-------- Data excerpts

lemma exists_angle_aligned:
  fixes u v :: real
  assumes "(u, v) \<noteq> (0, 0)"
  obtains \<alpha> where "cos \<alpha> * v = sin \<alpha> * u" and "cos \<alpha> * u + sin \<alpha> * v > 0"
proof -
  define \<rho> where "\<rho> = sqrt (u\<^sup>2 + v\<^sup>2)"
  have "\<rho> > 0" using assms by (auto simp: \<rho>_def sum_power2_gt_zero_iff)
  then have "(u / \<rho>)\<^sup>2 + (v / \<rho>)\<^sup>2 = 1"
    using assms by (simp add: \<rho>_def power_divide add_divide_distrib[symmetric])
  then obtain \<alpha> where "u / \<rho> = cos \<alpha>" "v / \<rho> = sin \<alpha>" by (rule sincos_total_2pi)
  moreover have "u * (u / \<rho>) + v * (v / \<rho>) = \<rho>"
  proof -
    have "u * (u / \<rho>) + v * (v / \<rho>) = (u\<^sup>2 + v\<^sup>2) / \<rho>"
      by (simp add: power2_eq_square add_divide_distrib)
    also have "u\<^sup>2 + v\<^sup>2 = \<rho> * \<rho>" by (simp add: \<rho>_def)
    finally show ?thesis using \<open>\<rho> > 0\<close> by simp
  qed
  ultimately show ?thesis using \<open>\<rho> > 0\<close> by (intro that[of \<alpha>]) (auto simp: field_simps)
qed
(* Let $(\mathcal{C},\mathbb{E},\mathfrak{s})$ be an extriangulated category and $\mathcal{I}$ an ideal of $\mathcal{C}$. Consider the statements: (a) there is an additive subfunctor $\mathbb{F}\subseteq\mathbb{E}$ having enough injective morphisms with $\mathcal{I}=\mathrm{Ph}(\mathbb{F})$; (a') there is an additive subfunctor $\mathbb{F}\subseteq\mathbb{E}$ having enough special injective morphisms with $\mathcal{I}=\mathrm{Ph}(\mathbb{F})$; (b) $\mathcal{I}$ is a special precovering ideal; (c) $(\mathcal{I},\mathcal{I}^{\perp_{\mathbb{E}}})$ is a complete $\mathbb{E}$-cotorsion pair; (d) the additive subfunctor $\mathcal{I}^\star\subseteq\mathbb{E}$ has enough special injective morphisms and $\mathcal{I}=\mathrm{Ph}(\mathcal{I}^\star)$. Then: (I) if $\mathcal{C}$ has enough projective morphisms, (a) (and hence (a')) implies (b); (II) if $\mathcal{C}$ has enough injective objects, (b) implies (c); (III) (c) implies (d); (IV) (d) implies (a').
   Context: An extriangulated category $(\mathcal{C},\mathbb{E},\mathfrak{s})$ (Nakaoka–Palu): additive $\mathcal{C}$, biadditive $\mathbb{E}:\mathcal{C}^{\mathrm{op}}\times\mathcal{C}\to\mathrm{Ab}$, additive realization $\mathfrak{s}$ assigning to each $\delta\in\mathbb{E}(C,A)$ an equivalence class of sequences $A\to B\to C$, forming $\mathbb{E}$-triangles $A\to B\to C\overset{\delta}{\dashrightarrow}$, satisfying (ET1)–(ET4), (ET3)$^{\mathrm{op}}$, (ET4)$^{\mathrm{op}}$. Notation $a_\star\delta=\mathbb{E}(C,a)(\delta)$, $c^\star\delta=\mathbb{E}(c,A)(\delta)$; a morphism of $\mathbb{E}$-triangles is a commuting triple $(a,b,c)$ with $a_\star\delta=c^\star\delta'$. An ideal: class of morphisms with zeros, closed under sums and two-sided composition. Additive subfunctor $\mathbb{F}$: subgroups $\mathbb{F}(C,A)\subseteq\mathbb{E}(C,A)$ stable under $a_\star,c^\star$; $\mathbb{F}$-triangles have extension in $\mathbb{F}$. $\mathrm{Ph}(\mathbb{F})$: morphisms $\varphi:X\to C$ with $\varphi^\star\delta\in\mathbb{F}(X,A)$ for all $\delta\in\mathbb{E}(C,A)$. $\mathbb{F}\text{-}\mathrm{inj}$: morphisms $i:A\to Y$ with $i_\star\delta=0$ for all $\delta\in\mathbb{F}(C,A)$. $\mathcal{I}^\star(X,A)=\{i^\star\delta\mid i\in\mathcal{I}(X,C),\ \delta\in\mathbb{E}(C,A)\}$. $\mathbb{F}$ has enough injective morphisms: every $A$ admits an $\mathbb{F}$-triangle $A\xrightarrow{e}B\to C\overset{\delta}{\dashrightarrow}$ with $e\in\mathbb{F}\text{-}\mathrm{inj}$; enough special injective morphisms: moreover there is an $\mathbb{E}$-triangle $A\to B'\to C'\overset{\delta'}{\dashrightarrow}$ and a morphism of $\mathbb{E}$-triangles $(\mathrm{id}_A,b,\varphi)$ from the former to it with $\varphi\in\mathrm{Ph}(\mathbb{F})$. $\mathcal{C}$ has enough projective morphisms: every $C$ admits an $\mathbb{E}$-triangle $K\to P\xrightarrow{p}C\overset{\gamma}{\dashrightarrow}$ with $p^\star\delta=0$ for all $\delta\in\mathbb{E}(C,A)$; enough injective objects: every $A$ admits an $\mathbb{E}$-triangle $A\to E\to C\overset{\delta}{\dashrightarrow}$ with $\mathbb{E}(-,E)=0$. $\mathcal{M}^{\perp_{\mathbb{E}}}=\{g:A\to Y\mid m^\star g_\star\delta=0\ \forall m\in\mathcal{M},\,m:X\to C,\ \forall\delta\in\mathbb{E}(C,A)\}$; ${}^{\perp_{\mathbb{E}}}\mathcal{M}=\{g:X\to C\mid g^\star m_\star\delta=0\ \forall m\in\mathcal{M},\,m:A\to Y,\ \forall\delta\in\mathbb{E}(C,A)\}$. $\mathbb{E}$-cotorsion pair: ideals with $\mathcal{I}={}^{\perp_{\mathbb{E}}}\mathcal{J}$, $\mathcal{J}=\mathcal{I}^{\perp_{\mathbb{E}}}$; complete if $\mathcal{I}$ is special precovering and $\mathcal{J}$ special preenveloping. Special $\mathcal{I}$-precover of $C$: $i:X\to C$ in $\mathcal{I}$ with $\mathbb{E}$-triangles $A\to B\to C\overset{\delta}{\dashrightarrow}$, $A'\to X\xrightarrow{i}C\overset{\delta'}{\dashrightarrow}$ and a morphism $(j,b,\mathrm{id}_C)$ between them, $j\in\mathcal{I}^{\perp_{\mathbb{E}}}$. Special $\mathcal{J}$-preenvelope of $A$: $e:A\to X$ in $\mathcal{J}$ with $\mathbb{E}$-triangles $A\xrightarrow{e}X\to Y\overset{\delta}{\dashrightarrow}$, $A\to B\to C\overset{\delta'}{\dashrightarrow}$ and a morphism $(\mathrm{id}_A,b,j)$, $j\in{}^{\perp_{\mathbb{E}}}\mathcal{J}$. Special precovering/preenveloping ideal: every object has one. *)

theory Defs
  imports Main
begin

----------------

== Problem statement ==
All that should appear in the response is the run of lines from the first line of the entries through the line containing "using assms by (simp", copied exactly.

== Solution for this exercise ==
lemma exists_angle_aligned:
  fixes u v :: real
  assumes "(u, v) \<noteq> (0, 0)"
  obtains \<alpha> where "cos \<alpha> * v = sin \<alpha> * u" and "cos \<alpha> * u + sin \<alpha> * v > 0"
proof -
  define \<rho> where "\<rho> = sqrt (u\<^sup>2 + v\<^sup>2)"
  have "\<rho> > 0" using assms by (auto simp: \<rho>_def sum_power2_gt_zero_iff)
  then have "(u / \<rho>)\<^sup>2 + (v / \<rho>)\<^sup>2 = 1"
    using assms by (simp add: \<rho>_def power_divide add_divide_distrib[symmetric])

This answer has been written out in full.